We also need a workforce trained in research. I was fortunate to get a Medical Research Council fellowship to do my PhD in Oxford, UK, and that gave me proper scientific training and changed my career.
Here at our medical school, every student does the equivalent of an intercalated science degree. That gives them a strong foundation for understanding research over the course of their career.
And finally, reflecting on your journey so far, what factors do you think have been essential to driving impactful research in nephrology?
I think there are three things. First, where I worked, I had the privilege of training in units where research was happening and where people were changing the future of nephrology. That environment is vital.
Second, inspiring individuals. These included Stuart Cameron (Guy’s Medical School, now part of King’s College London, UK), Chris Winearls (Hammersmith and Royal Postgraduate Medical School, now part of Imperial College London, UK), and Peter Ratcliffe (University of Oxford, UK), who all made major contributions to the field and inspired me personally. Science is a team effort, but individuals can have a huge impact.
Third, the patients. Most kidney patients stay with us for life. You build long-term relationships with them, and that creates a real partnership. Patients with VHL, complement factor H-related protein 5 (CFHR5) nephropathy, and polycystic kidney disease have all inspired me and helped drive my research.
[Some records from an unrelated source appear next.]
lemma finite_pieces_meeting:
  assumes "finite_partition x s" "finite T"
  shows "finite (\<Union>j\<in>{j. s j \<inter> T \<noteq> {}}. s j)"
proof -
  have "finite {j. t \<in> s j}" for t
  proof (cases "\<exists>j. t \<in> s j")
    case True
    then obtain j0 where "t \<in> s j0"
      by blast
    then have "{j. t \<in> s j} \<subseteq> {j0}"
      using assms(1) unfolding finite_partition_def by blast
    then show ?thesis
      by (rule finite_subset) simp
  qed simp
  moreover have "{j. s j \<inter> T \<noteq> {}} = (\<Union>t\<in>T. {j. t \<in> s j})"
    by blast
  ultimately have "finite {j. s j \<inter> T \<noteq> {}}"
    using assms(2) by simp
  then show ?thesis
    using assms(1) unfolding finite_partition_def by blast
qed

context approximated_ideal
begin

lemma positive_iff: "y \<in> positive I \<longleftrightarrow> (\<forall>m. y \<notin> K m)"
  unfolding positive_def using mem_iff_approx by blast

lemma positive_finite_witness:
  assumes "y \<in> positive I"
  obtains B where "B \<subseteq> y" "finite B" "B \<notin> K m"
  using assms approx_finite_witness positive_iff by blast

lemma positive_diff:
  assumes "x \<in> positive I" "D \<in> I"
  shows "x - D \<in> positive I"
proof -
  have "x \<subseteq> (x - D) \<union> D"
    by blast
  then show ?thesis
    using assms ideal unfolding positive_def is_ideal_def by blast
qed

lemma finite_in_ideal: "finite D \<Longrightarrow> (\<And>a. a \<in> D \<Longrightarrow> {a} \<in> I) \<Longrightarrow> D \<in> I"
proof (induction D rule: finite_induct)
  case empty
  then show ?case
    using ideal by (simp add: is_ideal_def)
next
  case (insert a D)
  then have "{a} \<in> I" "D \<in> I"
    by auto
  then have "{a} \<union> D \<in> I"
    using ideal unfolding is_ideal_def by blast
  then show ?case
    by simp
qed

lemma greedy_union_positive:
  assumes "\<And>m T. finite T \<Longrightarrow> \<exists>B. finite B \<and> C w m T B"
    and "\<And>m T B. C w m T B \<Longrightarrow> B \<notin> K m"
  shows "greedy_union C w \<in> positive I"
proof -
  have "greedy_step C w m \<notin> K m" for m
    using assms(2) greedy_step_satisfies[of C w m, OF assms(1)] by blast
  moreover have "greedy_step C w m \<subseteq> greedy_union C w" for m
    unfolding greedy_union_eq by blast
  ultimately have "greedy_union C w \<notin> K m" for m
    using approx_hereditary by blast
  then show ?thesis
    by (simp add: positive_iff)
qed

subsection \<open>\<open>p\<^sup>+\<close>\<close>

definition pplus_stage :: "(nat \<Rightarrow> nat set) \<Rightarrow> nat \<Rightarrow> nat set \<Rightarrow> nat set \<Rightarrow> bool" where
  "pplus_stage xs m T B \<longleftrightarrow> B \<notin> K m \<and> B \<subseteq> xs m"

lemma pred_pplus_stage: "Measurable.pred seqM (\<lambda>xs. pplus_stage xs m T B)"
  unfolding pplus_stage_def subset_eq
  by (intro pred_intros_conj1' pred_intros_countable_bounded(3) pred_mem_seqM)

lemma pplus_stage_exists:
  assumes "decreasing_in (positive I) xs"
  shows "\<exists>B. finite B \<and> pplus_stage xs m T B"
proof -
  have "xs m \<in> positive I"
    using assms unfolding decreasing_in_def by blast
  then show ?thesis
    unfolding pplus_stage_def by (meson positive_finite_witness)
qed

lemma greedy_pplus_almost_subset:
  assumes xs: "decreasing_in (positive I) xs"
  shows "finite (greedy_union pplus_stage xs - xs n)"
proof (rule finite_subset[OF _ finite_greedy_acc])
  show "greedy_union pplus_stage xs - xs n \<subseteq> greedy_acc pplus_stage xs n"
  proof
    fix a assume a: "a \<in> greedy_union pplus_stage xs - xs n"
    show "a \<in> greedy_acc pplus_stage xs n"
    proof (rule ccontr)
      assume "a \<notin> greedy_acc pplus_stage xs n"
      then obtain m where "n \<le> m" "a \<in> greedy_step pplus_stage xs m"
        using a greedy_union_diff_acc[of pplus_stage xs n] by blast
      moreover have "pplus_stage xs m (greedy_acc pplus_stage xs m) (greedy_step pplus_stage xs m)"
        by (rule greedy_step_satisfies) (rule pplus_stage_exists[OF xs])
      ultimately have "a \<in> xs m"
        unfolding pplus_stage_def by blast
      then show False
        using a decreasing_in_antimono[OF xs \<open>n \<le> m\<close>] by blast
    qed
  qed
qed

lemma uniformly_pplus: "uniformly_pplus I"
  unfolding uniformly_pplus_def
proof (intro exI[of _ "greedy_union pplus_stage"] conjI allI impI)
  show "greedy_union pplus_stage \<in> seqM \<rightarrow>\<^sub>M cantorM"
    using pred_pplus_stage by (rule measurable_greedy_union)
  fix xs assume xs: "decreasing_in (positive I) xs"
  show "greedy_union pplus_stage xs \<in> positive I"
    using pplus_stage_exists[OF xs] by (intro greedy_union_positive) (auto simp: pplus_stage_def)
  fix n
  show "finite (greedy_union pplus_stage xs - xs n)"
    using xs by (rule greedy_pplus_almost_subset)
qed

subsection \<open>\<open>q\<^sup>+\<close>\<close>

definition qplus_stage :: "nat set \<times> (nat \<Rightarrow> nat set) \<Rightarrow> nat \<Rightarrow> nat set \<Rightarrow> nat set \<Rightarrow> bool" where
  "qplus_stage p m T B \<longleftrightarrow> B \<notin> K m \<and> B \<subseteq> fst p \<and> extends_pairwise (piece_separated (snd p)) T B"

lemma pred_qplus_stage: "Measurable.pred partM (\<lambda>p. qplus_stage p m T B)"
  unfolding qplus_stage_def subset_eq
  by (intro pred_intros_conj1' pred_intros_logic(3) pred_intros_countable_bounded(3)
      pred_mem_fst_partM pred_extends_pairwise pred_piece_separated)

text \<open>Discard the finitely many pieces meeting \<open>T\<close>; this costs only a set in \<open>I\<close>, and \<open>q\<^sup>+\<close> applied to
  the rest gives a positive selector of the remaining pieces, a finite part of which escapes \<open>K m\<close>.\<close>

lemma qplus_stage_exists:
  assumes "qplus I" "x \<in> positive I" "finite_partition x s" "\<And>a. a \<in> x \<Longrightarrow> {a} \<in> I" "finite T"
  shows "\<exists>B. finite B \<and> qplus_stage (x, s) m T B"
proof -
  define D where "D = (\<Union>j\<in>{j. s j \<inter> T \<noteq> {}}. s j)"
  have "finite D"
    unfolding D_def by (rule finite_pieces_meeting[OF assms(3,5)])
  then have "x \<inter> D \<in> I"
    by (intro finite_in_ideal[of "x \<inter> D"] assms(4)) auto
  then have "x - (x \<inter> D) \<in> positive I"
    by (rule positive_diff[OF assms(2)])
  moreover have "x - (x \<inter> D) = x - D"
    by blast
  ultimately obtain y where y: "y \<subseteq> x - D" "y \<in> positive I" "\<And>j. card (y \<inter> (s j - D)) \<le> 1"
    using qplusD[OF assms(1) _ finite_partition_diff[OF assms(3)]] by metis
  obtain B where B: "B \<subseteq> y" "finite B" "B \<notin> K m"
    using positive_finite_witness[OF y(2)] by blast
  have "piece_separated s a b" if "a \<in> y" "b \<in> y" for a b
    unfolding piece_separated_def
  proof (intro allI impI)
    fix j assume "a \<in> s j" "b \<in> s j"
    then have "a \<in> y \<inter> (s j - D)" "b \<in> y \<inter> (s j - D)"
      using that y(1) by auto
    moreover have "finite (y \<inter> (s j - D))"
      using assms(3) unfolding finite_partition_def by blast
    ultimately show "a = b"
      using y(3)[of j] card_le_Suc0_iff_eq by (metis One_nat_def)
  qed
  moreover have "piece_separated s t b \<and> piece_separated s b t" if "t \<in> T" "b \<in> B" for t b
  proof -
    have "b \<notin> D"
      using that B(1) y(1) by blast
    then show ?thesis
      using that(1) unfolding piece_separated_def D_def by blast
  qed
  ultimately have "extends_pairwise (piece_separated s) T B"
    using B(1) unfolding extends_pairwise_def by blast
  then show ?thesis
    using B y(1) unfolding qplus_stage_def by auto
qed
(* Let $\langle W,\varphi,(Y,\mathbb S,\sigma)\rangle$ be a monotone one-dimensional cocycle, $(X,\mathbb S_+,\pi)$ its skew-product dynamical system, $h=\mathrm{pr}_2$, and $\tau\in\mathbb S_+$, $\tau>0$. Suppose $x_0\in X$ has precompact semi-trajectory $\{\pi(t,x_0):t\in\mathbb S_+\}$ and $y_0:=h(x_0)$ is asymptotically $\tau$-periodic, i.e. there is a $\tau$-periodic point $q\in Y$ with $\lim_{t\to+\infty}\rho(\sigma(t,y_0),\sigma(t,q))=0$. Then $\tilde\omega_{x_0}=\omega_{x_0}\cap X_q$, where $X_q=h^{-1}(q)$.
   Context: $\mathbb S=\mathbb R$ or $\mathbb Z$, $\mathbb S_+=\{t\in\mathbb S:t\ge0\}$. $(Y,\mathbb S,\sigma)$ is a two-sided dynamical system on a complete metric space $Y$ (continuous $\sigma$, $\sigma(0,y)=y$, $\sigma(t+s,y)=\sigma(t,\sigma(s,y))$); $y$ is $\tau$-periodic if $\sigma(\tau,y)=y$. $W\subseteq\mathbb R$ is an interval. A cocycle over $\sigma$ with fibre $W$ is a continuous $\varphi:\mathbb S_+\times W\times Y\to W$ with $\varphi(0,u,y)=u$ and $\varphi(t+s,u,y)=\varphi(t,\varphi(s,u,y),\sigma(s,y))$; it is monotone if $u_1\le u_2$ implies $\varphi(t,u_1,y)\le\varphi(t,u_2,y)$ for all $t\in\mathbb S_+$, $y\in Y$. The skew-product system is $X=W\times Y$, $\pi(t,(u,y))=(\varphi(t,u,y),\sigma(t,y))$, $h(u,y)=y$. $\omega_{x}$ is the set of limits of $\pi(t_k,x)$ with $t_k\in\mathbb S_+$, $t_k\to+\infty$; $\tilde\omega_{x}$ is the set of limits of $\pi(k_n\tau,x)$ with $k_n\in\mathbb Z_+$, $k_n\to\infty$ (the $\omega$-limit set in the discretization $\tilde\pi(k,x)=\pi(k\tau,x)$). *)

theory Defs
  imports "HOL-Analysis.Analysis"
begin

definition time_set :: "real set \<Rightarrow> bool" where
  "time_set T \<longleftrightarrow> T = \<real> \<or> T = \<int>"

definition nonneg_times :: "real set \<Rightarrow> real set" where
  "nonneg_times T = {t \<in> T. t \<ge> 0}"

definition dyn_system :: "real set \<Rightarrow> (real \<Rightarrow> 'y::metric_space \<Rightarrow> 'y) \<Rightarrow> bool" where
  "dyn_system T \<sigma> \<longleftrightarrow>
     continuous_on (T \<times> UNIV) (\<lambda>(t, y). \<sigma> t y) \<and>
     (\<forall>y. \<sigma> 0 y = y) \<and>
     (\<forall>t\<in>T. \<forall>s\<in>T. \<forall>y. \<sigma> (t + s) y = \<sigma> t (\<sigma> s y))"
That shared understanding makes the doctor–patient relationship stronger and makes research more impactful.
My final point is this: nephrology is a specialty where I believe the NHS approach works well. There’s very little private medicine in nephrology. We can’t have long waiting lists because kidney function can decline quickly, and renal failure is an emergency. In general, care is delivered equally and promptly, which I think is a huge strength of the specialty.